### THE TASK
Print this span of the material below exactly: the line with "using VT1plus_localized_entropy_bound[OF open_UNIV", the line with "(\<forall>(\<Sigma>::'a set) (n::nat).", and every line between them, but nothing else.

### DATASET ENTRIES
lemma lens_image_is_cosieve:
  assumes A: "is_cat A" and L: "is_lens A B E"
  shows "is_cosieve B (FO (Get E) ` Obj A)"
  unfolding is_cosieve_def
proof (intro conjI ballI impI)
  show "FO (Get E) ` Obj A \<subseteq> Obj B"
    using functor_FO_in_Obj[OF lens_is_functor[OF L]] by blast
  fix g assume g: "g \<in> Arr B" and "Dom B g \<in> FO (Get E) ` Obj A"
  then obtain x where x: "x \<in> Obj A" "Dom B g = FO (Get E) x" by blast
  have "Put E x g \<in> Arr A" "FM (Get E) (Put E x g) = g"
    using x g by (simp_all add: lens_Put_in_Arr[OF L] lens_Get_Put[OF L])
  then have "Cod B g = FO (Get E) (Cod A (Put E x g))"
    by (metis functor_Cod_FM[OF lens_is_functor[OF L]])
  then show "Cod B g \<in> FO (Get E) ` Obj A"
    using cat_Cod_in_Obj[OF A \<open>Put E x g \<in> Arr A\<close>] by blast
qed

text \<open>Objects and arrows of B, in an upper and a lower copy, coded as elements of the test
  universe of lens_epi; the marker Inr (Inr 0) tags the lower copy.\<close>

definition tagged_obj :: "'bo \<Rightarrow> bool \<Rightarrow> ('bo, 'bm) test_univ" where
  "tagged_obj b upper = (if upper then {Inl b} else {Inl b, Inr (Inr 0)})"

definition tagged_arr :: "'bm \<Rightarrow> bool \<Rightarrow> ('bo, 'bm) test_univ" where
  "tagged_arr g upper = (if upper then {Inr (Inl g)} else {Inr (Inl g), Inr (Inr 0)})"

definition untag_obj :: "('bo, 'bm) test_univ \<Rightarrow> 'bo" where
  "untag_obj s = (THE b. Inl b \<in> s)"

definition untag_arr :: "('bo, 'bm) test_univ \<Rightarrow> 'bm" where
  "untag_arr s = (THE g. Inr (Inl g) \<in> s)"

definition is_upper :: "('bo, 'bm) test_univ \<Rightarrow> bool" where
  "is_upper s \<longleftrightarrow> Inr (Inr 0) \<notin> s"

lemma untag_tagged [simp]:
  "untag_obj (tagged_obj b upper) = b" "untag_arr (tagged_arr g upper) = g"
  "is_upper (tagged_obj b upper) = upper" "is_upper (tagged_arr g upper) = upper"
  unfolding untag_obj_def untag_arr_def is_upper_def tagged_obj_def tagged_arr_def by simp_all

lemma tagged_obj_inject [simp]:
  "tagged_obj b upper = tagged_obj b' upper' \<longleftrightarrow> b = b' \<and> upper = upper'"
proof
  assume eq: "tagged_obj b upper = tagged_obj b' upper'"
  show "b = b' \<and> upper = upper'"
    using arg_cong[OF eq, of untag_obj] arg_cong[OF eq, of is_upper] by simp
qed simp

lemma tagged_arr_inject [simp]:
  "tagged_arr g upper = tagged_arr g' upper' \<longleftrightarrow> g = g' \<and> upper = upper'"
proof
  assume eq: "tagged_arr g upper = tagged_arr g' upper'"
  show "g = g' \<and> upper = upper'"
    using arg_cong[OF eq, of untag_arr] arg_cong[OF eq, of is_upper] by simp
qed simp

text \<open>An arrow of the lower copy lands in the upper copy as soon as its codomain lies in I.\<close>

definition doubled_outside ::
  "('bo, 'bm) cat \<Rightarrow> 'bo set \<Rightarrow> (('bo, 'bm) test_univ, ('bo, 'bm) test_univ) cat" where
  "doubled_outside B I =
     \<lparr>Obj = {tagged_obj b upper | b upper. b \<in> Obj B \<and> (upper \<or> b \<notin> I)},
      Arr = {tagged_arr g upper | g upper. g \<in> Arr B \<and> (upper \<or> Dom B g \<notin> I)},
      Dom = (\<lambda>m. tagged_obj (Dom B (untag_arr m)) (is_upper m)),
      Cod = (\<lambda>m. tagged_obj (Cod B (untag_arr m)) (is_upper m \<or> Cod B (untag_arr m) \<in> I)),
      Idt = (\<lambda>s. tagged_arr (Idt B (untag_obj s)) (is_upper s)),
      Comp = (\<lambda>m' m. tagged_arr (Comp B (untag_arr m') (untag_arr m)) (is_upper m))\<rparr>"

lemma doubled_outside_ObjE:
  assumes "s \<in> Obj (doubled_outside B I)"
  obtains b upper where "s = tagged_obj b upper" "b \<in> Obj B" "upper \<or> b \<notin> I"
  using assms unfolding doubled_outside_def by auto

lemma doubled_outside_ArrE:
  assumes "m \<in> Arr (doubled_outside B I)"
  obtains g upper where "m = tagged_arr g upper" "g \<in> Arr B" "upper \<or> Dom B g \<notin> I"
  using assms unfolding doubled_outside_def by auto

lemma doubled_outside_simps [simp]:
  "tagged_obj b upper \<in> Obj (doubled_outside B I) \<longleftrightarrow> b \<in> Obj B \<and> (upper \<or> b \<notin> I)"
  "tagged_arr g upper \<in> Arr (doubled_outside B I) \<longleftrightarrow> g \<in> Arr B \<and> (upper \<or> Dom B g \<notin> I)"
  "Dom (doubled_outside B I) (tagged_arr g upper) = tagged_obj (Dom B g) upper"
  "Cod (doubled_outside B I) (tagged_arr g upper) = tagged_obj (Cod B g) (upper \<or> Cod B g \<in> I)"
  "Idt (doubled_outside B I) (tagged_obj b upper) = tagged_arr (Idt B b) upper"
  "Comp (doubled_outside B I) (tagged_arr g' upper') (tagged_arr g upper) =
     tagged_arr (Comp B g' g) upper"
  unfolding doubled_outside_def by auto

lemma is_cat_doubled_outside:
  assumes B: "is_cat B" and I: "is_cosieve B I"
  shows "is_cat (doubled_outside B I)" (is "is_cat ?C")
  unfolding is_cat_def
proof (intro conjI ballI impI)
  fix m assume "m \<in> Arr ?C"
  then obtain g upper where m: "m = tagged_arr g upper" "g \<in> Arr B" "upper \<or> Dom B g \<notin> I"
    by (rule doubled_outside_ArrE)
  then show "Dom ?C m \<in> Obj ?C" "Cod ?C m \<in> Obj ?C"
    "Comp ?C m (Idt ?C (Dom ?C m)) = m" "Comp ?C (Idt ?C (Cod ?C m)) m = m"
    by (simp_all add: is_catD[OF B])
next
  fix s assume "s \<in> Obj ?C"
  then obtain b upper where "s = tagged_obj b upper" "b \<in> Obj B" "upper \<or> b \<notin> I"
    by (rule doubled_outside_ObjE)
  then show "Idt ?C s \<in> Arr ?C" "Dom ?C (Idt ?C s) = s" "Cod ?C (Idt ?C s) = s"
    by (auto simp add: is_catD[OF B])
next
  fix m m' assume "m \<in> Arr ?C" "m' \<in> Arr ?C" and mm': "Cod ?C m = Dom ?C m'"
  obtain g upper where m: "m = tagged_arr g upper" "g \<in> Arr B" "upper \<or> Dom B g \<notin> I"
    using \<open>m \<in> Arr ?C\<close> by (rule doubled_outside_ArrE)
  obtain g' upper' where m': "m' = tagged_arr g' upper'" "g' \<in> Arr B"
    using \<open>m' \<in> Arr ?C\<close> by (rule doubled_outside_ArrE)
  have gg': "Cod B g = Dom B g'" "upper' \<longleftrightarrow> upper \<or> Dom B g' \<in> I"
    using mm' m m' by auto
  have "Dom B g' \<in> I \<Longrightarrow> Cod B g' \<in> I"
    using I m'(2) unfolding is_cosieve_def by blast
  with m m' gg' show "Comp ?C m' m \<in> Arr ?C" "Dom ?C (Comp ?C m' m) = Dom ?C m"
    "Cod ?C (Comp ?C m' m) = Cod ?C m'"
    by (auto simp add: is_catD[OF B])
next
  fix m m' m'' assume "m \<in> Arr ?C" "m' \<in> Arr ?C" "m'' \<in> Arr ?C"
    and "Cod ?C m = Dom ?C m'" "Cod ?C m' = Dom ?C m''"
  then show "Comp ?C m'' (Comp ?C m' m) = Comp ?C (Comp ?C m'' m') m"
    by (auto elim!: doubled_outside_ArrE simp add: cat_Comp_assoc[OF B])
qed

==

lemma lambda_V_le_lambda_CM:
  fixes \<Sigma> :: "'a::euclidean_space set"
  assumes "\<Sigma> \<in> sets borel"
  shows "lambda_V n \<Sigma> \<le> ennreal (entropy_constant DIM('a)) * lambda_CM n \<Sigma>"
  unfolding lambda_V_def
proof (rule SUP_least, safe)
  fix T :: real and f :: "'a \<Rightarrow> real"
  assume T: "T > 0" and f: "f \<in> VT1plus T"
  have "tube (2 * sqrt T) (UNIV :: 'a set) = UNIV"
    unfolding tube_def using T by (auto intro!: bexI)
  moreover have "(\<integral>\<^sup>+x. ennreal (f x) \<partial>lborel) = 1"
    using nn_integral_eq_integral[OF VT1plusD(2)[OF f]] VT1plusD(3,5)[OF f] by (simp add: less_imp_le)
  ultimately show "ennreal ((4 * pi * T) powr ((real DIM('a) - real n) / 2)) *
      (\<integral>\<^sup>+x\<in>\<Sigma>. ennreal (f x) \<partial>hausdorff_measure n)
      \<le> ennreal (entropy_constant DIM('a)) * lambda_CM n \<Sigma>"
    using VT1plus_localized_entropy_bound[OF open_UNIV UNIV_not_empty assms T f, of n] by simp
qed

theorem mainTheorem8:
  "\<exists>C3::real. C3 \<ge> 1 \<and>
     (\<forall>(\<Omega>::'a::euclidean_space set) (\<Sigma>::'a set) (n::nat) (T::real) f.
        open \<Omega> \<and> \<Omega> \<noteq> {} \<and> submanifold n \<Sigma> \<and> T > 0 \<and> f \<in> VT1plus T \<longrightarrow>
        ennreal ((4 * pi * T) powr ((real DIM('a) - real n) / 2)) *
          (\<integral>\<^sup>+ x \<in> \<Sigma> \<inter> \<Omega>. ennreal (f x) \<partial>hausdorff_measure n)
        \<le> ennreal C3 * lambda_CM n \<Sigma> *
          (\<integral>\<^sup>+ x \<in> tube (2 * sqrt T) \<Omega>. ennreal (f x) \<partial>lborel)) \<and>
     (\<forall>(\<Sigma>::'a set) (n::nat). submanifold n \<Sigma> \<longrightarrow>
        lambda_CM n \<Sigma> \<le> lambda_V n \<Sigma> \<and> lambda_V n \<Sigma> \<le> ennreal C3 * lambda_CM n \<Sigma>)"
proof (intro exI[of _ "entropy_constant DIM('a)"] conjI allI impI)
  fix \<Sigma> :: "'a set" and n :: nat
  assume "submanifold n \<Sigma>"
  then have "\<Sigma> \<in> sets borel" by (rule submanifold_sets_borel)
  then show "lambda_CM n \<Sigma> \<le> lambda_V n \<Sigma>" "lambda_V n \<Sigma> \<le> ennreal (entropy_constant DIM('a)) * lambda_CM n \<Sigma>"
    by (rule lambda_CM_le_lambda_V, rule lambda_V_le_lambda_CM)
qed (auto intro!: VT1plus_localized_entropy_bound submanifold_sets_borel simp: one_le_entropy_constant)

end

### ANSWER SECTION
    using VT1plus_localized_entropy_bound[OF open_UNIV UNIV_not_empty assms T f, of n] by simp
qed

theorem mainTheorem8:
  "\<exists>C3::real. C3 \<ge> 1 \<and>
     (\<forall>(\<Omega>::'a::euclidean_space set) (\<Sigma>::'a set) (n::nat) (T::real) f.
        open \<Omega> \<and> \<Omega> \<noteq> {} \<and> submanifold n \<Sigma> \<and> T > 0 \<and> f \<in> VT1plus T \<longrightarrow>
        ennreal ((4 * pi * T) powr ((real DIM('a) - real n) / 2)) *
          (\<integral>\<^sup>+ x \<in> \<Sigma> \<inter> \<Omega>. ennreal (f x) \<partial>hausdorff_measure n)
        \<le> ennreal C3 * lambda_CM n \<Sigma> *
          (\<integral>\<^sup>+ x \<in> tube (2 * sqrt T) \<Omega>. ennreal (f x) \<partial>lborel)) \<and>
     (\<forall>(\<Sigma>::'a set) (n::nat). submanifold n \<Sigma> \<longrightarrow>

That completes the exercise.